This is a protocol for generating RAD libraries for Illumina sequencing. With this technique, 96 samples can be multiplexed into one sequencing library, and only tags adjacent to PstI sites are sequenced. This is a cheap way to both mine and genotype large numbers of SNPs. This is the protocol developed in Erik Sacks' lab at UIUC by Lindsay Clark, based on protocols from Pat Brown and Megan Hall (see Poland et al. 2012). Please cite Clark et al. (2014) if using this protocol.

Materials

Reagents

  • Quant-iT Picogreen kit (Invitrogen)
  • Qiagen gel purification kit
  • Qiagen PCR cleanup kit
  • From New England Biolabs:
    • PstI-HF, 20,000 U/mL
    • MspI, 20,000 U/mL
    • T4 DNA ligase, 2,000,000 U/mL
    • ATP
  • KAPA HiFi Library Amplification Kit, without primers. In the past we used Phusion High Fidelity PCR master mix from NEB, but KAPA is supposed to be better.
  • 100 bp DNA ladder
  • Gel loading dye that does NOT have bromophenol blue. NEB makes an orange loading dye that works well. I have also used Promega GoTaq Green PCR buffer as a loading dye.

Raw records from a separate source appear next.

lemma (in prob_space) indep_events_Ex_block:
  fixes X :: "'i \<Rightarrow> 'j \<Rightarrow> 'a \<Rightarrow> 'b"
  assumes indep: "indep_vars (\<lambda>_. N) (\<lambda>p. X (fst p) (snd p)) (I \<times> J)"
    and "finite J" and B: "\<And>i. i \<in> I \<Longrightarrow> B i \<in> sets N"
  shows "indep_events (\<lambda>i. {\<omega> \<in> space M. \<exists>j\<in>J. X i j \<omega> \<in> B i}) I"
proof -
  define E where "E = (\<lambda>p. {X (fst p) (snd p) -` A \<inter> space M | A. A \<in> sets N})"
  define F where "F = (\<lambda>i. sigma_sets (space M) (\<Union>p\<in>{i} \<times> J. E p))"
  have "indep_sets E (\<Union>i\<in>I. {i} \<times> J)"
    using indep unfolding indep_vars_def2 E_def by (simp add: Sigma_def)
  then have indep_F: "indep_sets F I"
    unfolding F_def
  proof (rule indep_sets_collect_sigma)
    show "Int_stable (E p)" for p
    proof (rule Int_stableI)
      fix a b assume "a \<in> E p" "b \<in> E p"
      then obtain A A' where "A \<in> sets N" "A' \<in> sets N"
        and "a = X (fst p) (snd p) -` A \<inter> space M" "b = X (fst p) (snd p) -` A' \<inter> space M"
        unfolding E_def by auto
      then show "a \<inter> b \<in> E p"
        unfolding E_def by (intro CollectI exI[of _ "A \<inter> A'"]) auto
    qed
    show "disjoint_family_on (\<lambda>i. {i} \<times> J) I"
      by (auto simp: disjoint_family_on_def)
  qed
  have "{\<omega> \<in> space M. \<exists>j\<in>J. X i j \<omega> \<in> B i} \<in> F i" if "i \<in> I" for i
  proof -
    have "(\<Union>p\<in>{i} \<times> J. E p) \<subseteq> Pow (space M)"
      unfolding E_def by auto
    then interpret F: sigma_algebra "space M" "F i"
      unfolding F_def by (rule sigma_algebra_sigma_sets)
    have "X i j -` B i \<inter> space M \<in> F i" if "j \<in> J" for j
      unfolding F_def E_def using \<open>j \<in> J\<close> B[OF \<open>i \<in> I\<close>] by (intro sigma_sets.Basic) force
    then have "(\<Union>j\<in>J. X i j -` B i \<inter> space M) \<in> F i"
      using \<open>finite J\<close> by (intro F.finite_UN) auto
    moreover have "(\<Union>j\<in>J. X i j -` B i \<inter> space M) = {\<omega> \<in> space M. \<exists>j\<in>J. X i j \<omega> \<in> B i}"
      by auto
    ultimately show ?thesis
      by simp
  qed
  then show ?thesis
    unfolding indep_events_def_alt by (intro indep_sets_mono_sets[OF indep_F]) auto
qed

lemma Collect_card_ge_eq_Union:
  assumes "finite I"
  shows "{\<omega> \<in> \<Omega>. m \<le> card {i\<in>I. \<omega> \<in> A i}} = \<Omega> \<inter> (\<Union>S\<in>{S. S \<subseteq> I \<and> card S = m}. \<Inter>i\<in>S. A i)"
proof (intro equalityI subsetI)
  fix \<omega> assume "\<omega> \<in> {\<omega> \<in> \<Omega>. m \<le> card {i\<in>I. \<omega> \<in> A i}}"
  then obtain S where "S \<subseteq> {i\<in>I. \<omega> \<in> A i}" "card S = m" "\<omega> \<in> \<Omega>"
    by (auto elim: obtain_subset_with_card_n)
  then show "\<omega> \<in> \<Omega> \<inter> (\<Union>S\<in>{S. S \<subseteq> I \<and> card S = m}. \<Inter>i\<in>S. A i)"
    by blast
next
  fix \<omega> assume "\<omega> \<in> \<Omega> \<inter> (\<Union>S\<in>{S. S \<subseteq> I \<and> card S = m}. \<Inter>i\<in>S. A i)"
  then obtain S where "S \<subseteq> {i\<in>I. \<omega> \<in> A i}" "card S = m" "\<omega> \<in> \<Omega>"
    by blast
  moreover have "finite {i\<in>I. \<omega> \<in> A i}"
    using assms by simp
  ultimately show "\<omega> \<in> {\<omega> \<in> \<Omega>. m \<le> card {i\<in>I. \<omega> \<in> A i}}"
    using card_mono by blast
qed

lemma (in prob_space) events_card_ge:
  assumes "finite I" and "A ` I \<subseteq> events"
  shows "{\<omega> \<in> space M. m \<le> card {i\<in>I. \<omega> \<in> A i}} \<in> events"
proof -
  have "finite {S. S \<subseteq> I \<and> card S = m}"
    using assms(1) by simp
  moreover have "(\<Inter>i\<in>S. A i) \<inter> space M \<in> events" if "S \<subseteq> I" for S
    using that assms finite_subset[OF that assms(1)]
    by (cases "S = {}") (auto intro!: sets.Int sets.finite_INT)
  ultimately show ?thesis
    unfolding Collect_card_ge_eq_Union[OF assms(1)] Int_UN_distrib Int_commute[of "space M"]
    by (intro sets.finite_UN) auto
qed

lemma (in prob_space) prob_card_ge_le:
  assumes "indep_events A I" and "finite I" and "m \<ge> 1"
    and p: "\<And>i. i \<in> I \<Longrightarrow> prob (A i) \<le> p"
  shows "prob {\<omega> \<in> space M. m \<le> card {i\<in>I. \<omega> \<in> A i}} \<le> real (card I choose m) * p ^ m"
proof -
  define \<S> where "\<S> = {S. S \<subseteq> I \<and> card S = m}"
  have "finite \<S>"
    unfolding \<S>_def using \<open>finite I\<close> by simp
  have S: "S \<subseteq> I" "S \<noteq> {}" "finite S" "card S = m" if "S \<in> \<S>" for S
    using that \<open>m \<ge> 1\<close> \<open>finite I\<close> unfolding \<S>_def by (auto intro: finite_subset)
  have A: "A ` I \<subseteq> events"
    using \<open>indep_events A I\<close> by (simp add: indep_events_def)
  then have ev: "(\<Inter>i\<in>S. A i) \<in> events" if "S \<in> \<S>" for S
    using S[OF that] by (intro sets.finite_INT) auto
  have "prob {\<omega> \<in> space M. m \<le> card {i\<in>I. \<omega> \<in> A i}} \<le> prob (\<Union>S\<in>\<S>. \<Inter>i\<in>S. A i)"
    unfolding Collect_card_ge_eq_Union[OF assms(2)] \<S>_def[symmetric]
    using \<open>finite \<S>\<close> ev by (intro finite_measure_mono sets.finite_UN) auto
  also have "\<dots> \<le> (\<Sum>S\<in>\<S>. prob (\<Inter>i\<in>S. A i))"
    using \<open>finite \<S>\<close> ev by (rule measure_UNION_le)
  also have "\<dots> \<le> (\<Sum>S\<in>\<S>. p ^ m)"
  proof (rule sum_mono)
    fix S assume "S \<in> \<S>"
    have "prob (\<Inter>i\<in>S. A i) = (\<Prod>i\<in>S. prob (A i))"
      using \<open>indep_events A I\<close> S[OF \<open>S \<in> \<S>\<close>] by (simp add: indep_events_def)
    also have "\<dots> \<le> (\<Prod>i\<in>S. p)"
      using S[OF \<open>S \<in> \<S>\<close>] p by (intro prod_mono) auto
    finally show "prob (\<Inter>i\<in>S. A i) \<le> p ^ m"
      using S[OF \<open>S \<in> \<S>\<close>] by simp
  qed
  also have "\<dots> = real (card I choose m) * p ^ m"
    unfolding \<S>_def using n_subsets[OF \<open>finite I\<close>] by simp
  finally show ?thesis .
qed

lemma (in prob_space) prob_many_near_le:
  fixes P :: "'i \<Rightarrow> 'j \<Rightarrow> 'a \<Rightarrow> real \<times> real"
  assumes indep: "indep_vars (\<lambda>_. lborel) (\<lambda>p. P (fst p) (snd p)) (I \<times> J)"
    and "finite I" and "finite J" and "m \<ge> 1" and "r \<ge> 0" and "C \<ge> 0"
    and distr: "\<And>i j. i \<in> I \<Longrightarrow> j \<in> J \<Longrightarrow> distributed M lborel (P i j) (\<lambda>z. ennreal (f i z))"
    and bound: "\<And>i. i \<in> I \<Longrightarrow> AE z in lborel. f i z \<le> C"
  shows "prob {\<omega> \<in> space M. m \<le> card {i\<in>I. \<exists>j\<in>J. P i j \<omega> \<in> ball g r}}
           \<le> real (card I choose m) * (real (card J) * (C * pi * r^2)) ^ m"
proof -
  define A where "A = (\<lambda>i. {\<omega> \<in> space M. \<exists>j\<in>J. P i j \<omega> \<in> ball g r})"
  have "prob (A i) \<le> real (card J) * (C * pi * r^2)" if "i \<in> I" for i
  proof -
    have ev: "P i j -` ball g r \<inter> space M \<in> events" if "j \<in> J" for j
      using distributed_measurable[OF distr[OF \<open>i \<in> I\<close> that]] by simp
    have "prob (A i) = prob (\<Union>j\<in>J. P i j -` ball g r \<inter> space M)"
      unfolding A_def by (rule arg_cong[where f = prob]) blast
    also have "\<dots> \<le> (\<Sum>j\<in>J. prob (P i j -` ball g r \<inter> space M))"
      using \<open>finite J\<close> ev by (rule measure_UNION_le)
    also have "\<dots> \<le> (\<Sum>j\<in>J. C * pi * r^2)"
      using distr[OF that] bound[OF that] \<open>C \<ge> 0\<close> \<open>r \<ge> 0\<close>
      by (intro sum_mono prob_distributed_ball_le) auto
    finally show ?thesis
      by simp
  qed
  moreover have "indep_events A I"
    unfolding A_def using indep \<open>finite J\<close> by (rule indep_events_Ex_block) simp
  ultimately have "prob {\<omega> \<in> space M. m \<le> card {i\<in>I. \<omega> \<in> A i}}
                     \<le> real (card I choose m) * (real (card J) * (C * pi * r^2)) ^ m"
    using \<open>finite I\<close> \<open>m \<ge> 1\<close> by (intro prob_card_ge_le) auto
  moreover have "{\<omega> \<in> space M. m \<le> card {i\<in>I. \<omega> \<in> A i}}
                   = {\<omega> \<in> space M. m \<le> card {i\<in>I. \<exists>j\<in>J. P i j \<omega> \<in> ball g r}}"
    unfolding A_def by auto
  ultimately show ?thesis
    by simp
qed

Note: MspI is not a heat-inactivated enzyme, but I have found that the protocol works anyway. Between the ligation and gel extraction steps, I keep the sample on ice to prevent any residual digestion activity.

  • You will also need a black microtiter plate for the Picogreen assay.

Oligonucleotides

PstI adapters

This is the most expensive part of the protocol other than the sequencing itself, since 192 oligonucleotides must be ordered.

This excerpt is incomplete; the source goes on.